Охота на Церковь - Наталья Валерьевна Иртенина
– Ну и ты потише все же, Яков Терентьич, – попросил Артамонов-отец.
Рукосуев, однако, пропустил выпад мимо ушей, любезничая с бутылью-трехлитровкой.
– Речь скажу! – продолжал Лежепеков, поднимая вновь наполненный для него стакан. Он повернулся к молодым. – Хоть ты, Степан, и враг советской власти… был открытый враг, кулак, а ныне скрытый, замаскированный как единоличник…

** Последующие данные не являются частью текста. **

lemma coxeter_identity_B:
  fixes t :: "'a::comm_ring_1"
  assumes "2 \<le> l"
  shows "det_fun l (cartan_pencil (TB l) (t^2)) *
      ((1 - t^2) * (1 - t^4) * (1 - t^(2*l - 2)) * (1 - t^(2*l))) =
    (1 - t^(2 * (2*l))) * (1 - t^(2 * (l - 1))) * (1 - t^4) * (1 - t^2)"
proof -
  have "t^(2 * (2*l)) = (t^(2*l))^2" "(t^2)^l = t^(2*l)" "t^4 = (t^2)^2" "2 * (l - 1) = 2*l - 2"
    by (simp_all flip: power_mult add: mult_ac right_diff_distrib')
  then show ?thesis
    using det_cartan_pencil_BC[of "TB l" l "t^2"] assms
    by (simp add: algebra_simps power2_eq_square)
qed

lemma coxeter_identity_C:
  fixes t :: "'a::comm_ring_1"
  assumes "2 \<le> l"
  shows "det_fun l (cartan_pencil (TC l) (t^2)) *
      ((1 - t^2) * (1 - t^2) * (1 - t^(2*l)) * (1 - t^(2*l))) =
    (1 - t^(2 * (2*l))) * (1 - t^(2*l)) * (1 - t^2) * (1 - t^2)"
proof -
  have "t^(2 * (2*l)) = (t^(2*l))^2" "(t^2)^l = t^(2*l)"
    by (simp_all flip: power_mult add: mult_ac)
  then show ?thesis
    using det_cartan_pencil_BC[of "TC l" l "t^2"] assms
    by (simp add: algebra_simps power2_eq_square)
qed

lemma coxeter_identity_D:
  fixes t :: "'a::comm_ring_1"
  assumes "3 \<le> l"
  shows "det_fun l (cartan_pencil (TD l) (t^2)) *
      ((1 - t^2) * (1 - t^4) * (1 - t^(2*l - 4)) * (1 - t^(2*l - 2))) =
    (1 - t^(2 * (2*l - 2))) * (1 - t^(2 * (l - 2))) * (1 - t^4) * (1 - t^4)"
proof -
  have "t^(2 * (2*l - 2)) = (t^(2*l - 2))^2" "(t^2)^(l - 1) = t^(2*l - 2)" "t^4 = (t^2)^2"
    "2 * (l - 2) = 2*l - 4"
    by (simp_all flip: power_mult add: mult_ac right_diff_distrib')
  then show ?thesis
    using det_cartan_pencil_D[OF assms, of "t^2"] by (simp add: algebra_simps power2_eq_square)
qed

lemma coxeter_identities_exceptional:
  fixes t :: "'a::comm_ring_1"
  shows "det_fun 6 (cartan_pencil TE6 (t^2)) * ((1 - t^2) * (1 - t^6) * (1 - t^8) * (1 - t^12)) =
      (1 - t^(2 * 12)) * (1 - t^6) * (1 - t^6) * (1 - t^4)"
    and "det_fun 7 (cartan_pencil TE7 (t^2)) * ((1 - t^2) * (1 - t^8) * (1 - t^12) * (1 - t^18)) =
      (1 - t^(2 * 18)) * (1 - t^8) * (1 - t^6) * (1 - t^4)"
    and "det_fun 8 (cartan_pencil TE8 (t^2)) * ((1 - t^2) * (1 - t^12) * (1 - t^20) * (1 - t^30)) =
      (1 - t^(2 * 30)) * (1 - t^10) * (1 - t^6) * (1 - t^4)"
    and "det_fun 4 (cartan_pencil TF4 (t^2)) * ((1 - t^2) * (1 - t^6) * (1 - t^8) * (1 - t^12)) =
      (1 - t^(2 * 12)) * (1 - t^6) * (1 - t^4) * (1 - t^2)"
    and "det_fun 2 (cartan_pencil TG2 (t^2)) * ((1 - t^2) * (1 - t^4) * (1 - t^4) * (1 - t^6)) =
      (1 - t^(2 * 6)) * (1 - t^4) * (1 - t^2) * (1 - t^2)"
  unfolding cartan_pencil_E6_E7 det_cartan_pencil_E det_cartan_pencil_F4 det_cartan_pencil_G2
  by (simp_all add: algebra_simps numeral_eq_Suc)

lemma coxeter_table_identity:
  fixes t :: "'a::comm_ring_1"
  assumes "admissible_type X" and "table_data X = (a, b, h, p2, q2, r2)"
  shows "det_fun (type_rank X) (cartan_pencil X (t^2)) *
      ((1 - t^2) * (1 - t^a) * (1 - t^b) * (1 - t^h)) =
    (1 - t^(2*h)) * (1 - t^p2) * (1 - t^q2) * (1 - t^r2)"
  using assms coxeter_identity_A[of _ t]
  by (cases X) (auto simp: coxeter_identity_B coxeter_identity_C coxeter_identity_D
      coxeter_identities_exceptional)

lemma prod_exponents_eq_poly_char_poly:
  assumes "is_exponent_list X h ms"
  shows "(\<Prod>m\<leftarrow>ms. y - cis (2 * pi / real h) ^ m) =
    poly (char_poly (map_mat of_int (coxeter_transformation X) :: complex mat)) y"
proof -
  have "y - cis (2 * pi / real h) ^ m = poly [: - cis (2 * pi * real m / real h), 1 :] y" for m
    by (simp add: DeMoivre mult.commute)
  with assms show ?thesis
    by (simp add: is_exponent_list_def poly_prod_list o_def)
qed

theorem mainTheorem6:
  fixes X :: root_type and a b h p2 q2 r2 :: nat and ms :: "nat list" and t :: complex
  assumes "admissible_type X"
    and "table_data X = (a, b, h, p2, q2, r2)"
    and "is_exponent_list X h ms"
    and "(1 - t^2) * (1 - t^a) * (1 - t^b) * (1 - t^h) \<noteq> 0"
  shows "(\<Prod>m\<leftarrow>ms. t^2 - cis (2 * pi / real h) ^ m) =
         ((1 - t^(2*h)) * (1 - t^p2) * (1 - t^q2) * (1 - t^r2)) /
         ((1 - t^2) * (1 - t^a) * (1 - t^b) * (1 - t^h))"
proof -
  have "(\<Prod>m\<leftarrow>ms. t^2 - cis (2 * pi / real h) ^ m) = det_fun (type_rank X) (cartan_pencil X (t^2))"
    using assms(3)
    by (simp add: prod_exponents_eq_poly_char_poly poly_char_poly_coxeter_transformation)
  also have "\<dots> = ((1 - t^(2*h)) * (1 - t^p2) * (1 - t^q2) * (1 - t^r2)) /
      ((1 - t^2) * (1 - t^a) * (1 - t^b) * (1 - t^h))"
    using coxeter_table_identity[OF assms(1,2), of t] assms(4) by (simp add: eq_divide_eq)
  finally show ?thesis .
qed

end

– Какой он тебе враг, – заругались на него бабы, – ты что мелешь, Яков Терентьич?
– Если и была за ним вина, честно ее отработал, семью схоронил…
– Цыцте вы там, юбки! Я знаю, что говорю… Опять же – обида у тебя, Степан, на советскую власть осталась. Затаил ты на нас обиду, и как оно там аукнется… А с другой стороны, понимать должен: новый мир строим. Вот и домом тебя советская власть наделила…
Никто более не решался прерывать речь председателя, но за столом зашептались: «Справную избу отобрали, а халупу взамен дали». Все знали, что развалюшку, с одного боку погорелую, с другого покосившуюся, оставленную сбежавшим из колхоза в город веселым трактористом, выделил под жилье Зимину за немалую взятку Рукосуев.
– Как говорится, совет вам да любовь, да приплода поболе, чтоб было кому и дальше строить колхозную жизнь, – закруглился Лежепеков. Ни с кем не чокаясь, выпил и тяжело, как куль с картошкой, осел на лавку.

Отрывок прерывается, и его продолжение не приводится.